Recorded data
# # # # # # #
lemma nice_graph_trivial_or_grown_from_cherry:
  assumes simple: "simple_graph V E" and nice: "nice_graph V E"
  shows "(\<exists>a. V = {a} \<and> E = {}) \<or> grown_from_cherry E V"
proof -
  have con: "connected_graph V E" and finV: "finite V"
    using assms unfolding nice_graph_def simple_graph_def by auto
  obtain a where a: "a \<in> V"
    using con unfolding connected_graph_def by blast
  show ?thesis
  proof (cases "V = {a}")
    case True
    moreover have "E = {}"
      using simple True unfolding simple_graph_def by blast
    ultimately show ?thesis
      by blast
  next
    case False
    then obtain t where "t \<in> V" "t \<notin> {a}"
      using a by blast
    then obtain y where ay: "{a, y} \<in> E" "y \<in> V" "y \<noteq> a"
      using connected_graph_edge_leaving[OF con, of a "{a}"] a by blast
    have "\<not> V \<subseteq> {a, y}"
    proof
      assume "V \<subseteq> {a, y}"
      then have V: "V = {a, y}"
        using a ay(2) by blast
      have "E \<subseteq> {{a, y}}"
      proof
        fix e
        assume "e \<in> E"
        then obtain u v where "u \<noteq> v" "u \<in> V" "v \<in> V" "e = {u, v}"
          using simple unfolding simple_graph_def by blast
        then show "e \<in> {{a, y}}"
          using V by auto
      qed
      then have "E = {{a, y}}"
        using ay(1) by blast
      then show False
        using nice V ay(3) unfolding nice_graph_def by auto
    qed
    then obtain t' where "t' \<in> V" "t' \<notin> {a, y}"
      by blast
    then obtain z y' where zy': "{z, y'} \<in> E" "z \<in> {a, y}" "y' \<in> V" "y' \<notin> {a, y}"
      using connected_graph_edge_leaving[OF con, of a "{a, y}"] a ay(2) by blast
    have "grown_from_cherry E {z, a, y, y'}"
    proof (cases "z = a")
      case True
      then show ?thesis
        using zy' ay grown_from_cherry.cherry[of a y y' E] by (auto simp: insert_commute)
    next
      case False
      then show ?thesis
        using zy' ay grown_from_cherry.cherry[of y a y' E] by (auto simp: insert_commute)
    qed
    then show ?thesis
      using grown_from_cherry_spanning[OF finV con] a ay(2) zy'(2,3) by auto
  qed
qed

lemma induced_edges_simple_graph: "simple_graph V E \<Longrightarrow> induced_edges E V = E"
  unfolding simple_graph_def induced_edges_def by auto

lemma irregularising_if_irregularises_on:
  assumes simple: "simple_graph V E" and "V \<noteq> {}"
    and irr: "irregularises_on E V (\<lambda>v. card {e \<in> E. v \<in> e}) F w"
  shows "irregularising V E w"
proof -
  have "is_walk V E w"
    using irr \<open>V \<noteq> {}\<close> by (auto simp: irregularises_on_def is_walk_iff)
  moreover have "deg_plus_walk E w u \<noteq> deg_plus_walk E w v" if "{u, v} \<in> E" for u v
    using irr simple_graph_edgeD[OF simple that] that
    unfolding irregularises_on_def deg_plus_walk_eq by blast
  ultimately show ?thesis
    by (simp add: irregularising_def)
qed

lemma grown_from_cherry_irregularising:
  assumes simple: "simple_graph V E" and grown: "grown_from_cherry E V"
  obtains w where "irregularising V E w" "walk_length w \<le> 2 * (card E + card V - 1)"
proof -
  obtain w where w: "irregularises_on E V (\<lambda>v. card {e \<in> E. v \<in> e}) (\<lambda>_. {}) w"
    "length w < 2 * (card V + card (induced_edges E V))"
    using grown_from_cherry_irregularises_on[OF grown, of "\<lambda>_. {}" "\<lambda>v. card {e \<in> E. v \<in> e}"]
    by auto
  have "irregularising V E w"
    using irregularising_if_irregularises_on[OF simple grown_from_cherry_nonempty[OF grown] w(1)] .
  moreover have "walk_length w \<le> 2 * (card E + card V - 1)"
    using w(2) induced_edges_simple_graph[OF simple] by (simp add: walk_length_def)
  ultimately show ?thesis
    using that by blast
qed

lemma MLW_le_walk_length: "irregularising V E w \<Longrightarrow> MLW V E \<le> walk_length w"
  unfolding MLW_def by (rule Least_le) blast

lemma nice_graph_irregularising_walk:
  assumes simple: "simple_graph V E" and nice: "nice_graph V E"
  obtains w where "irregularising V E w" "walk_length w \<le> 2 * (card E + card V - 1)"
    "card V \<le> card E + 1"
  using nice_graph_trivial_or_grown_from_cherry[OF simple nice]
proof (elim disjE exE conjE)
  fix a
  assume "V = {a}" "E = {}"
  then show thesis
    using that[of "[a]"] by (simp add: irregularising_def is_walk_def walk_length_def)
next
  assume grown: "grown_from_cherry E V"
  have "card V \<le> card E + 1"
    using grown_from_cherry_card[OF grown] induced_edges_simple_graph[OF simple] by simp
  then show thesis
    using grown_from_cherry_irregularising[OF simple grown] that by blast
qed

theorem corollary4p2:
  fixes V :: "'a set" and E :: "'a set set" and n m :: nat
  assumes "simple_graph V E" and "nice_graph V E"
    and "n = card V" and "m = card E"
  shows "(\<exists>w. irregularising V E w) \<and> MLW V E \<le> 2 * (m + n - 1) \<and> MLW V E \<le> 4 * m"
proof -
  obtain w where w: "irregularising V E w" "walk_length w \<le> 2 * (card E + card V - 1)"
    "card V \<le> card E + 1"
    using nice_graph_irregularising_walk[OF assms(1,2)] .
  have "MLW V E \<le> 2 * (m + n - 1)"
    using MLW_le_walk_length[OF w(1)] w(2) assms(3,4) by simp
  moreover have "2 * (m + n - 1) \<le> 4 * m"
    using w(3) assms(3,4) by linarith
  ultimately show ?thesis
    using w(1) le_trans by blast
qed

end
# # # # # # #
◆ **WHAT THIS TASK INVOLVES**
Your response should be the lines of the entries above that include the string "False".

◆ **REPLY**
    case False
      then show False
      case False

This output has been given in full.